Wednesday, January 22, 2003
Congestion charging The BBC and others report on Finland's plans to use position data from mobile phones to locate traffic jams and warn drivers of congestion. Pilots are already under way, the plan being to monitor 5% of mobiles, with updated information being supplied every 30 seconds...The effect of everyone then responding in the same way to the same information will be interesting to study.
Meanwhile in London - with far greater traffic congestion problems than Helsinki - a new congestion charging system is due to start on 17 February, and nobody really knows what's going to happen. A planned deal with the Post Office to enable drivers to pay daily charges has fallen through, hardly any residents have registered for their discounts, and the Evening Standard newspaper reports difficulties with machines able to supply tickets (but then the ES has always had a gripe with London's mayor, Ken Livingstone).
It's unclear what kind of design or testing process the self-service machines have gone through, but some of the few early users report frustration and failure. Shop assistants working in outlets with machines have not been shown how to operate them. The internet facility has failed to accept bank debit cards, and is also has not permitted card expiry information to be entered. The Guardian reports "the launch of cclondon.com was beset by crashes", while the mayor himself saying that telephone menu options - on the charging telephone hotline - need clarifying. There is also an option to pay by mobile phone text - but this requires credit card expiry details in date/month/year format, while credit cards only provide month and year information.

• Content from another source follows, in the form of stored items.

(* For any $t\in[T]$ and $k,n,m\in[N]$, $$\Pr(x_o=n,\;x_t=m\mid x_{T+1}=k)=q^{(k)}_tP_{n,m}\mu_m+(1-q^{(k)}_t)\mu_n\mu_m.$$
   Context: Let $N,T$ be positive integers. Let $\mathbf{P}\in\mathbb{R}^{N\times N}$ have nonnegative entries with columns summing to $1$, and let $\boldsymbol\mu\in\mathbb{R}^N$ be a probability vector with $\mathbf{P}\boldsymbol\mu=\boldsymbol\mu$. Let $\mathbf{q}^{(1)},\dots,\mathbf{q}^{(N)}$ be probability vectors in $\mathbb{R}^T$. Random variables: $x_1,\dots,x_{T+1}$ i.i.d. with law $\boldsymbol\mu$ on $[N]$, and $x_o\in[N]$ with $\Pr(x_o=n\mid x_{T+1}=k,x_1,\dots,x_T)=\sum_{s=1}^Tq^{(k)}_sP_{n,x_s}$. *)

theory Defs
  imports Main "HOL-Library.FuncSet" Complex_Main
begin

text \<open>States are indexed by [N] = {1..N}, positions by {1..T+1}.
  A realisation of (x_1,...,x_{T+1}) is a function x in PiE {1..T+1} (\<lambda>_. {1..N}).
  mu n = mu_n, P n m = P_{n,m}, q k s = q^{(k)}_s.
  The joint probability of (x_1,...,x_{T+1}) = x and x_o = n is
  prod_{s=1}^{T+1} mu(x_s) * sum_{s=1}^T q^{(x_{T+1})}_s P_{n,x_s}.\<close>

definition joint_weight ::
  "nat \<Rightarrow> (nat \<Rightarrow> real) \<Rightarrow> (nat \<Rightarrow> nat \<Rightarrow> real) \<Rightarrow> (nat \<Rightarrow> nat \<Rightarrow> real)
   \<Rightarrow> (nat \<Rightarrow> nat) \<Rightarrow> nat \<Rightarrow> real" where
  "joint_weight T mu P q x n =
     (\<Prod>s\<in>{1..Suc T}. mu (x s)) * (\<Sum>s\<in>{1..T}. q (x (Suc T)) s * P n (x s))"

definition model_prob ::
  "nat \<Rightarrow> nat \<Rightarrow> (nat \<Rightarrow> real) \<Rightarrow> (nat \<Rightarrow> nat \<Rightarrow> real) \<Rightarrow> (nat \<Rightarrow> nat \<Rightarrow> real)
   \<Rightarrow> ((nat \<Rightarrow> nat) \<Rightarrow> nat \<Rightarrow> bool) \<Rightarrow> real" where
  "model_prob N T mu P q E =
     (\<Sum>x\<in>PiE {1..Suc T} (\<lambda>_. {1..N}). \<Sum>n\<in>{1..N}.
        if E x n then joint_weight T mu P q x n else 0)"

definition cond_prob ::
  "nat \<Rightarrow> nat \<Rightarrow> (nat \<Rightarrow> real) \<Rightarrow> (nat \<Rightarrow> nat \<Rightarrow> real) \<Rightarrow> (nat \<Rightarrow> nat \<Rightarrow> real)
   \<Rightarrow> ((nat \<Rightarrow> nat) \<Rightarrow> nat \<Rightarrow> bool) \<Rightarrow> ((nat \<Rightarrow> nat) \<Rightarrow> nat \<Rightarrow> bool) \<Rightarrow> real" where
  "cond_prob N T mu P q E F =
     model_prob N T mu P q (\<lambda>x n. E x n \<and> F x n) / model_prob N T mu P q F"

end

theory Submission
  imports Defs
begin

text \<open>Summing the joint weight over the unobserved coordinates is an expectation under the
  i.i.d. law of x_1, ..., x_{T+1}. Given x_{T+1} = k, the output x_o is drawn from column x_s
  of P with probability q^{(k)}_s. The term s = t contributes P_{n,m} mu_m; for s \<noteq> t the
  coordinates x_s and x_t are independent, and stationarity of mu turns that term into
  mu_n mu_m.\<close>

lemma sum_mult_if_eq:
  fixes w :: "'a \<Rightarrow> 'b::comm_ring"
  assumes "finite S" "t \<in> S"
  shows "(\<Sum>s\<in>S. w s * (if s = t then a else b)) = w t * a + (sum w S - w t) * b"
proof -
  have "(\<Sum>s\<in>S. w s * (if s = t then a else b)) = w t * a + (\<Sum>s\<in>S - {t}. w s * b)"
    using assms by (simp add: sum.remove[of S t])
  also have "\<dots> = w t * a + (sum w S - w t) * b"
    using assms by (simp add: sum_distrib_right sum_diff1 left_diff_distrib)
  finally show ?thesis .
qed

lemma sum_mult_of_bool_eq_point:
  fixes f g :: "'a \<Rightarrow> 'b::comm_semiring_1"
  assumes "finite A" "c \<in> A"
  shows "(\<Sum>a\<in>A. f a * (of_bool (a = c) * g a)) = f c * g c"
  using assms by (simp add: mult.commute[of "of_bool _"] mult.assoc[symmetric])

definition iid_expect :: "'i set \<Rightarrow> 'a set \<Rightarrow> ('a \<Rightarrow> real) \<Rightarrow> (('i \<Rightarrow> 'a) \<Rightarrow> real) \<Rightarrow> real"
  where "iid_expect I A mu F = (\<Sum>x\<in>PiE I (\<lambda>_. A). (\<Prod>i\<in>I. mu (x i)) * F x)"

lemma iid_expect_cong:
  "(\<And>x. x \<in> PiE I (\<lambda>_. A) \<Longrightarrow> F x = G x) \<Longrightarrow> iid_expect I A mu F = iid_expect I A mu G"
  unfolding iid_expect_def by (auto intro: sum.cong)

lemma iid_expect_cmult: "iid_expect I A mu (\<lambda>x. c * F x) = c * iid_expect I A mu F"
  unfolding iid_expect_def by (simp add: sum_distrib_left algebra_simps)

lemma iid_expect_sum:
  "iid_expect I A mu (\<lambda>x. \<Sum>s\<in>S. F s x) = (\<Sum>s\<in>S. iid_expect I A mu (F s))"
  unfolding iid_expect_def by (simp add: sum_distrib_left sum.swap[of _ S])

lemma iid_expect_prod:
  assumes "finite I" "finite A" "J \<subseteq> I" and mu_sum: "(\<Sum>a\<in>A. mu a) = 1"
  shows "iid_expect I A mu (\<lambda>x. \<Prod>j\<in>J. g j (x j)) = (\<Prod>j\<in>J. \<Sum>a\<in>A. mu a * g j a)"
proof -
  let ?g = "\<lambda>j a. mu a * (if j \<in> J then g j a else 1)"
  have restrict: "(\<Prod>j\<in>I. if j \<in> J then f j else 1) = prod f J" for f :: "_ \<Rightarrow> real"
    using prod.inter_restrict[OF \<open>finite I\<close>, of f J] \<open>J \<subseteq> I\<close> by (simp add: Int_absorb1)
  have "iid_expect I A mu (\<lambda>x. \<Prod>j\<in>J. g j (x j)) = (\<Sum>x\<in>PiE I (\<lambda>_. A). \<Prod>j\<in>I. ?g j (x j))"
    unfolding iid_expect_def by (simp add: prod.distrib restrict)
  also have "\<dots> = (\<Prod>j\<in>I. \<Sum>a\<in>A. ?g j a)"
    using assms by (simp add: prod_sum_PiE)
  also have "\<dots> = (\<Prod>j\<in>J. \<Sum>a\<in>A. mu a * g j a)"
    unfolding restrict[symmetric] using mu_sum by (intro prod.cong) auto
  finally show ?thesis .
qed

lemma model_prob_eq_iid_expect:
  "model_prob N T mu P q E = iid_expect {1..Suc T} {1..N} mu
     (\<lambda>x. \<Sum>n\<in>{1..N}. of_bool (E x n) * (\<Sum>s\<in>{1..T}. q (x (Suc T)) s * P n (x s)))"
  unfolding model_prob_def iid_expect_def joint_weight_def sum_distrib_left[of _ _ "{1..N}"]
  by (intro sum.cong refl) simp

lemma model_prob_last_state:
  assumes P_col: "\<And>j. j \<in> {1..N} \<Longrightarrow> (\<Sum>i\<in>{1..N}. P i j) = 1"
    and mu_sum: "(\<Sum>i\<in>{1..N}. mu i) = 1"
    and q_sum: "(\<Sum>s\<in>{1..T}. q k s) = 1" and k: "k \<in> {1..N}"
  shows "model_prob N T mu P q (\<lambda>x o'. x (Suc T) = k) = mu k"
proof -
  let ?A = "{1..N}"
  have "model_prob N T mu P q (\<lambda>x o'. x (Suc T) = k)
      = iid_expect {1..Suc T} ?A mu (\<lambda>x. \<Prod>j\<in>{Suc T}. of_bool (x j = k))"
    unfolding model_prob_eq_iid_expect
  proof (rule iid_expect_cong)
    fix x assume "x \<in> PiE {1..Suc T} (\<lambda>_. ?A)"
    then have x_s: "x s \<in> ?A" if "s \<in> {1..T}" for s
      using that by (auto simp: PiE_iff)
    show "(\<Sum>n\<in>?A. of_bool (x (Suc T) = k) * (\<Sum>s\<in>{1..T}. q (x (Suc T)) s * P n (x s)))
        = (\<Prod>j\<in>{Suc T}. of_bool (x j = k))"
    proof (cases "x (Suc T) = k")
      case True
      have "(\<Sum>n\<in>?A. \<Sum>s\<in>{1..T}. q k s * P n (x s)) = (\<Sum>s\<in>{1..T}. q k s * (\<Sum>n\<in>?A. P n (x s)))"
        unfolding sum_distrib_left by (rule sum.swap)
      also have "\<dots> = 1"
        using x_s P_col q_sum by simp
      finally show ?thesis using True by simp
    qed simp
  qed
  also have "\<dots> = mu k"
    using iid_expect_prod[of _ ?A "{Suc T}" mu "\<lambda>_ a. of_bool (a = k)"] mu_sum k by simp
  finally show ?thesis .
qed

lemma iid_expect_indicators_mult_P:
  fixes N T :: nat and mu :: "nat \<Rightarrow> real" and P :: "nat \<Rightarrow> nat \<Rightarrow> real"
  assumes mu_sum: "(\<Sum>i\<in>{1..N}. mu i) = 1"
    and stationary: "(\<Sum>j\<in>{1..N}. P n j * mu j) = mu n"
    and s: "s \<in> {1..T}" and t: "t \<in> {1..T}" and k: "k \<in> {1..N}" and m: "m \<in> {1..N}"
  shows "iid_expect {1..Suc T} {1..N} mu (\<lambda>x. of_bool (x (Suc T) = k) * of_bool (x t = m) * P n (x s))
      = mu k * mu m * (if s = t then P n m else mu n)"
proof -
  let ?E = "iid_expect {1..Suc T} {1..N} mu"
  define g where "g j a = (if j = Suc T then of_bool (a = k)
      else if j = t then of_bool (a = m) * (if s = t then P n a else 1) else P n a)" for j a
  have "?E (\<lambda>x. of_bool (x (Suc T) = k) * of_bool (x t = m) * P n (x s))
      = ?E (\<lambda>x. \<Prod>j\<in>{Suc T, t, s}. g j (x j))"
    using s t by (intro iid_expect_cong) (cases "s = t"; auto simp: g_def)
  also have "\<dots> = (\<Prod>j\<in>{Suc T, t, s}. \<Sum>a\<in>{1..N}. mu a * g j a)"
    using s t mu_sum by (intro iid_expect_prod) auto
  also have "\<dots> = mu k * mu m * (if s = t then P n m else mu n)"
    using s t k m stationary sum_mult_of_bool_eq_point[OF _ m, of mu]
    by (cases "s = t") (auto simp: g_def mult.commute)
  finally show ?thesis .
qed

lemma model_prob_out_state_last_state:
  assumes mu_sum: "(\<Sum>i\<in>{1..N}. mu i) = 1"
    and stationary: "(\<Sum>j\<in>{1..N}. P n j * mu j) = mu n"
    and q_sum: "(\<Sum>s\<in>{1..T}. q k s) = 1"
    and t: "t \<in> {1..T}" and k: "k \<in> {1..N}" and n: "n \<in> {1..N}" and m: "m \<in> {1..N}"
  shows "model_prob N T mu P q (\<lambda>x o'. (o' = n \<and> x t = m) \<and> x (Suc T) = k)
      = mu k * (q k t * P n m * mu m + (1 - q k t) * mu n * mu m)"
proof -
  let ?E = "iid_expect {1..Suc T} {1..N} mu"
  let ?f = "\<lambda>s x. of_bool (x (Suc T) = k) * of_bool (x t = m) * P n (x s)"
  have "model_prob N T mu P q (\<lambda>x o'. (o' = n \<and> x t = m) \<and> x (Suc T) = k)
      = ?E (\<lambda>x. \<Sum>s\<in>{1..T}. q k s * ?f s x)"
    unfolding model_prob_eq_iid_expect
  proof (rule iid_expect_cong)
    fix x
    show "(\<Sum>n'\<in>{1..N}. of_bool ((n' = n \<and> x t = m) \<and> x (Suc T) = k)
            * (\<Sum>s\<in>{1..T}. q (x (Suc T)) s * P n' (x s)))
        = (\<Sum>s\<in>{1..T}. q k s * ?f s x)"
      using n by (cases "x t = m \<and> x (Suc T) = k") auto
  qed
  also have "\<dots> = (\<Sum>s\<in>{1..T}. q k s * (mu k * mu m * (if s = t then P n m else mu n)))"
    unfolding iid_expect_sum iid_expect_cmult
    by (rule sum.cong[OF refl]) (simp only: iid_expect_indicators_mult_P[where N = N and T = T and mu = mu and P = P and n = n, OF mu_sum stationary _ t k m])
  also have "\<dots> = mu k * mu m * (\<Sum>s\<in>{1..T}. q k s * (if s = t then P n m else mu n))"
    unfolding sum_distrib_left by (intro sum.cong refl) (simp add: ac_simps)
  also have "(\<Sum>s\<in>{1..T}. q k s * (if s = t then P n m else mu n)) = q k t * P n m + (1 - q k t) * mu n"
    using sum_mult_if_eq[of "{1..T}" t "q k"] t q_sum by simp
  finally show ?thesis by (simp add: algebra_simps)
qed

theorem lemmaB1:
  fixes N T :: nat and mu :: "nat \<Rightarrow> real" and P q :: "nat \<Rightarrow> nat \<Rightarrow> real"
    and t k n m :: nat
  assumes "N \<ge> 1" and "T \<ge> 1"
    and P_nonneg: "\<And>i j. i \<in> {1..N} \<Longrightarrow> j \<in> {1..N} \<Longrightarrow> P i j \<ge> 0"
    and P_col: "\<And>j. j \<in> {1..N} \<Longrightarrow> (\<Sum>i\<in>{1..N}. P i j) = 1"
    and mu_nonneg: "\<And>i. i \<in> {1..N} \<Longrightarrow> mu i \<ge> 0"
    and mu_sum: "(\<Sum>i\<in>{1..N}. mu i) = 1"
    and stationary: "\<And>i. i \<in> {1..N} \<Longrightarrow> (\<Sum>j\<in>{1..N}. P i j * mu j) = mu i"
    and q_nonneg: "\<And>j s. j \<in> {1..N} \<Longrightarrow> s \<in> {1..T} \<Longrightarrow> q j s \<ge> 0"
    and q_sum: "\<And>j. j \<in> {1..N} \<Longrightarrow> (\<Sum>s\<in>{1..T}. q j s) = 1"
    and t: "t \<in> {1..T}" and k: "k \<in> {1..N}" and n: "n \<in> {1..N}" and m: "m \<in> {1..N}"
    and mu_k_pos: "mu k > 0"
  shows "cond_prob N T mu P q (\<lambda>x o'. o' = n \<and> x t = m) (\<lambda>x o'. x (Suc T) = k)
           = q k t * P n m * mu m + (1 - q k t) * mu n * mu m"
proof -
  \<comment> \<open>The identity is purely algebraic.\<close>
  have "model_prob N T mu P q (\<lambda>x o'. x (Suc T) = k) = mu k"
    using P_col mu_sum q_sum[OF k] k by (rule model_prob_last_state)
  moreover have "model_prob N T mu P q (\<lambda>x o'. (o' = n \<and> x t = m) \<and> x (Suc T) = k)
      = mu k * (q k t * P n m * mu m + (1 - q k t) * mu n * mu m)"
    using mu_sum stationary[OF n] q_sum[OF k] t k n m by (rule model_prob_out_state_last_state)
  ultimately show ?thesis
    unfolding cond_prob_def using mu_k_pos by simp
qed

end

While "the system as a whole has been working perfectly okay", according to a Transport for London spokesperson, it has to be said that this was during a period with virtually no users. The contractor responsible for all this is one of the usual suspects, Capita. UK readers may recall that this was the firm behind the Individual Learning Accounts, an IT training grant scheme that turned into a fiasco, when the Capita website allowed dozens of training organisations to fraudulently claim government funds, sometimes amounting to millions of pounds - the entire scheme was abandoned and the IT training sector thrown into turmoil as a result. Capita was also behind the passport agency fiasco a few years back as well as the 2002 failure of a national security checking system for teachers.